When Emotions Have No Ground to Hold Them

When emotions have no ground to hold them, pressure builds.

by Evelien Ari'Elune
3 views 2 minutes read

During the pandemic, a familiar pattern appeared on a larger scale.
When a sluice gate is opened too late, water accumulates.
What first seems manageable slowly turns into pressure.
And pressure will always seek an exit.

The result is rarely safety.
The result is a sudden release — a flooding of what was held back for too long.
Inhabited areas become vulnerable, not because water is wrong, but because the channel remained closed for too long.

This is also how I look at the collective relationship with emotion.
Borders closed. Movement restricted. Expression regulated. Often with the intention to protect, to care, to keep things contained. Yet what is human — fear, grief, anger, longing — cannot be held indefinitely without gathering somewhere inside.

When emotions have no ground to hold them, pressure builds.
And when pressure becomes too great, release follows.
This is not failure. It is nature.

For me, this also echoes my own history: early experiences in which emotions could not always move freely, and were therefore stored rather than felt. What has no space in the moment often returns later — sometimes louder, sometimes unexpectedly.

The landscape mirrors us.
And if we are willing, we can learn from it. Not everything calls for tighter control.
Sometimes what is needed is earlier opening, gentler guidance, wiser regulation — so that what lives can move without harm.
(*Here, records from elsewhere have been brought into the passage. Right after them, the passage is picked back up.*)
(* Let $\{R_\theta\}_{\theta\in\Theta}\subseteq\mathcal R$ be submodular and $p_\theta\in\mathbb R$ for $\theta\in\Theta$. Then $(R_\theta,p_\theta)_{\theta\in\Theta}$ is individually rational and incentive compatible if and only if both of the following hold: (1) for every $\theta\in\Theta$, $$p_\theta=p_{\underline\theta}+\int_0^{\bar L}\big[1-g_{\underline\theta}(F_{\underline\theta}(l))\big]\frac{\partial R_{\underline\theta}(l)}{\partial l}dl-\int_{\underline\theta}^{\theta}\int_0^{\bar L}\Big[\frac{\partial g_s}{\partial s}(F_s(l))+g_s'(F_s(l))\frac{\partial F_s(l)}{\partial s}\Big]\frac{\partial R_s(l)}{\partial l}\,dl\,ds-\int_0^{\bar L}\big[1-g_\theta(F_\theta(l))\big]\frac{\partial R_\theta(l)}{\partial l}dl,$$ with $p_{\underline\theta}\le\int_0^{\bar L}\big[1-g_{\underline\theta}(F_{\underline\theta}(l))\big]\big[1-\frac{\partial R_{\underline\theta}(l)}{\partial l}\big]dl$; and (2) $\int_\Theta V_\theta(R_\theta,p_\theta)\,d\mu\ge0$.
   Context: Setting (Yaari dual-utility insurance model). $(S,\Sigma,\mathbb P)$ is a probability space. Types: $\Theta=[\underline\theta,\bar\theta]$ with Borel $\sigma$-algebra and a probability measure $\mu$ with a Lebesgue density $q$. Fix $\bar L<\infty$. For each $\theta$ the type-$\theta$ agent faces a loss $L_\theta$ (bounded, $\Sigma$-measurable, values in $[0,\bar L]$) with continuous distribution function $F_\theta(l)=\mathbb P(L_\theta\le l)$. Retention functions: $\mathcal R=\{R:[0,\bar L]\to[0,\bar L]: R(0)=0,\ 0\le\partial R(l)/\partial l\le1\}$. A menu is a family $(R_\theta,p_\theta)_{\theta\in\Theta}$. A collection $\{R_\theta\}$ is submodular if $\partial R_\theta(l)/\partial l$ is non-increasing in $\theta$ for every $l$. A distortion function is a nondecreasing $g:[0,1]\to[0,1]$ with $g(0)=0,g(1)=1$; type $\theta$ has distortion $g_\theta$ (with $g'_\theta$ the derivative in $t$), the insurer $g^{In}$. Utilities: $U_\theta(R,p)=-p-\int_0^{\bar L}[1-g_\theta(F_\theta(l))]\frac{\partial R(l)}{\partial l}dl$, $V_\theta(R,p)=p-\int_0^{\bar L}[1-g^{In}(F_\theta(l))](1-\frac{\partial R(l)}{\partial l})dl$, no-insurance utility $U_\theta(L_\theta,0)=-\int_0^{\bar L}[1-g_\theta(F_\theta(l))]dl$. Throughout, for every menu the maps $\theta\mapsto U_\theta(R_\theta,p_\theta)$, $\theta\mapsto V_\theta(R_\theta,p_\theta)$ lie in $L^1(\Theta,\mu)$. Individually rational: (P1) $U_\theta(R_\theta,p_\theta)\ge U_\theta(L_\theta,0)$ for all $\theta$ and (P2) $\int_\Theta V_\theta(R_\theta,p_\theta)d\mu\ge0$. Incentive compatible: $U_\theta(R_\theta,p_\theta)\ge U_\theta(R_{\theta'},p_{\theta'})$ for all $\theta,\theta'$. Standing assumptions: (A1) $g^{In}(t)\ge g_\theta(t)$ for all $t,\theta$. (A2) $\theta\mapsto F_\theta(l)$ differentiable, $\{F_\theta\}$ uniformly Lipschitz in $\theta$, $\partial F_\theta(l)/\partial\theta\le0$ for all $l$. (A3) each $g_\theta$ differentiable with $g'_\theta\le\delta$ for a common $\delta<\infty$; $\theta\mapsto g_\theta(t)$ differentiable, uniformly Lipschitz in $\theta$; $\partial g_\theta(t)/\partial\theta\le0$ for $t\in(0,1)$. *)

theory Defs
  imports "HOL-Probability.Probability"
begin
lemma pssd_step:
  assumes DX: "DX \<in> carrier_mat r n" and DY: "DY \<in> carrier_mat r n"
    and fDX: "full_col_rank DX" and fDY: "full_col_rank DY"
    and C: "C \<in> carrier_mat n (dim_col C)" and fC: "full_col_rank C"
    and D: "is_basis_of n D S" and S: "S \<subseteq> col_range C"
    and E: "is_SSD (DX * D) (DY * D) E"
    and C': "C' = (if dim_col (D * E) < dim_col C then D * E else C)"
  shows "C' \<in> carrier_mat n (dim_col C')" "full_col_rank C'"
    "col_range (D * E) = col_range C'" "col_range (DX * C') = col_range (DY * C')"
  using pssd_update[OF DX DY C fC pssd_candidate[OF DX DY fDX fDY D S E] C'] by blast+

theorem theorem4p5:
  fixes Nd N M :: nat
    and DXg DYg DXs DYs :: "real mat"
    and DX DY :: "nat \<Rightarrow> real mat"
    and G :: "nat \<Rightarrow> (nat \<times> nat) set"
    and C Dk Ek :: "nat \<Rightarrow> nat \<Rightarrow> real mat"
  assumes global: "DXg \<in> carrier_mat N Nd" "DYg \<in> carrier_mat N Nd"
      and global_rank: "full_col_rank DXg" "full_col_rank DYg"
      and local_dims: "\<And>i. i \<in> {1..M} \<Longrightarrow> dim_col (DX i) = Nd \<and> dim_col (DY i) = Nd
                                   \<and> dim_row (DY i) = dim_row (DX i)"
      and local_union: "(\<Union>i\<in>{1..M}. set (rows (hcat (DX i) (DY i)))) = set (rows (hcat DXg DYg))"
      and sig_dims: "dim_col DXs = Nd" "dim_col DYs = Nd" "dim_row DYs = dim_row DXs"
      and sig_rank: "full_col_rank DXs" "full_col_rank DYs"
      and sig_in: "\<And>i. i \<in> {1..M} \<Longrightarrow> set (rows (hcat DXs DYs)) \<subseteq> set (rows (hcat (DX i) (DY i)))"
      and graphs: "\<And>k. G k \<subseteq> {1..M} \<times> {1..M}"
      and init: "\<And>i. i \<in> {1..M} \<Longrightarrow> C 0 i = 1\<^sub>m Nd"
      and D_step: "\<And>k i. k \<ge> 1 \<Longrightarrow> i \<in> {1..M} \<Longrightarrow>
          is_basis_of Nd (Dk k i)
            (\<Inter>j \<in> insert i (in_nbrs (G k) i). col_range (C (k - 1) j))"
      and E_step: "\<And>k i. k \<ge> 1 \<Longrightarrow> i \<in> {1..M} \<Longrightarrow>
          is_SSD (DX i * Dk k i) (DY i * Dk k i) (Ek k i)"
      and C_step: "\<And>k i. k \<ge> 1 \<Longrightarrow> i \<in> {1..M} \<Longrightarrow>
          C k i = (if dim_col (Dk k i * Ek k i) < dim_col (C (k - 1) i)
                   then Dk k i * Ek k i else C (k - 1) i)"
      and agent: "i \<in> {1..M}"
  shows "(\<forall>k. C k i = 0\<^sub>m Nd 0 \<or> full_col_rank (C k i))
       \<and> (\<forall>k\<ge>1. col_range (Dk k i * Ek k i) = col_range (C k i))
       \<and> (\<forall>k\<ge>1. col_range (DX i * C k i) = col_range (DY i * C k i))"
proof -
  have DX: "DX i \<in> carrier_mat (dim_row (DX i)) Nd" and DY: "DY i \<in> carrier_mat (dim_row (DX i)) Nd"
    using local_dims[OF agent] by (auto intro: carrier_matI)
  have DXs: "DXs \<in> carrier_mat (dim_row DXs) Nd" and DYs: "DYs \<in> carrier_mat (dim_row DXs) Nd"
    using sig_dims by (auto intro: carrier_matI)
  note signature = full_col_rank_if_hcat_rows_subset[OF DXs DYs DX DY sig_in[OF agent]]
  have fDX: "full_col_rank (DX i)" and fDY: "full_col_rank (DY i)"
    using signature sig_rank by blast+
  have step: "C k i \<in> carrier_mat Nd (dim_col (C k i)) \<and> full_col_rank (C k i)
      \<and> col_range (Dk k i * Ek k i) = col_range (C k i)
      \<and> col_range (DX i * C k i) = col_range (DY i * C k i)"
    if k: "k \<ge> 1" and prev: "C (k - 1) i \<in> carrier_mat Nd (dim_col (C (k - 1) i))"
      "full_col_rank (C (k - 1) i)" for k
    using pssd_step[OF DX DY fDX fDY prev D_step[OF k agent] INF_lower[OF insertI1]
        E_step[OF k agent] C_step[OF k agent]]
    by blast
  \<comment> \<open>a matrix without columns has full column rank\<close>
  have C: "C k i \<in> carrier_mat Nd (dim_col (C k i)) \<and> full_col_rank (C k i)" for k
  proof (induction k)
    case 0
    show ?case using init[OF agent] full_col_rank_one_mat by simp
  next
    case (Suc k)
    then show ?case using step[of "Suc k"] by simp
  qed
  have "col_range (Dk k i * Ek k i) = col_range (C k i)
      \<and> col_range (DX i * C k i) = col_range (DY i * C k i)" if "k \<ge> 1" for k
    using step[OF that] C[of "k - 1"] by blast
  with C show ?thesis by blast
qed

end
Perhaps this is part of our collective maturation:
to look more honestly at emotion, to make room for it, and to give it a channel — before it becomes a flood.

In Belgium, suicide remains a quiet public health crisis: around 2,000 lives are lost each year.
Among young people, it is one of the leading causes of death.
This doesn’t call for sensationalism, but for mature attention to what often stays unseen—emotions without a safe channel, and pain carried alone for too long.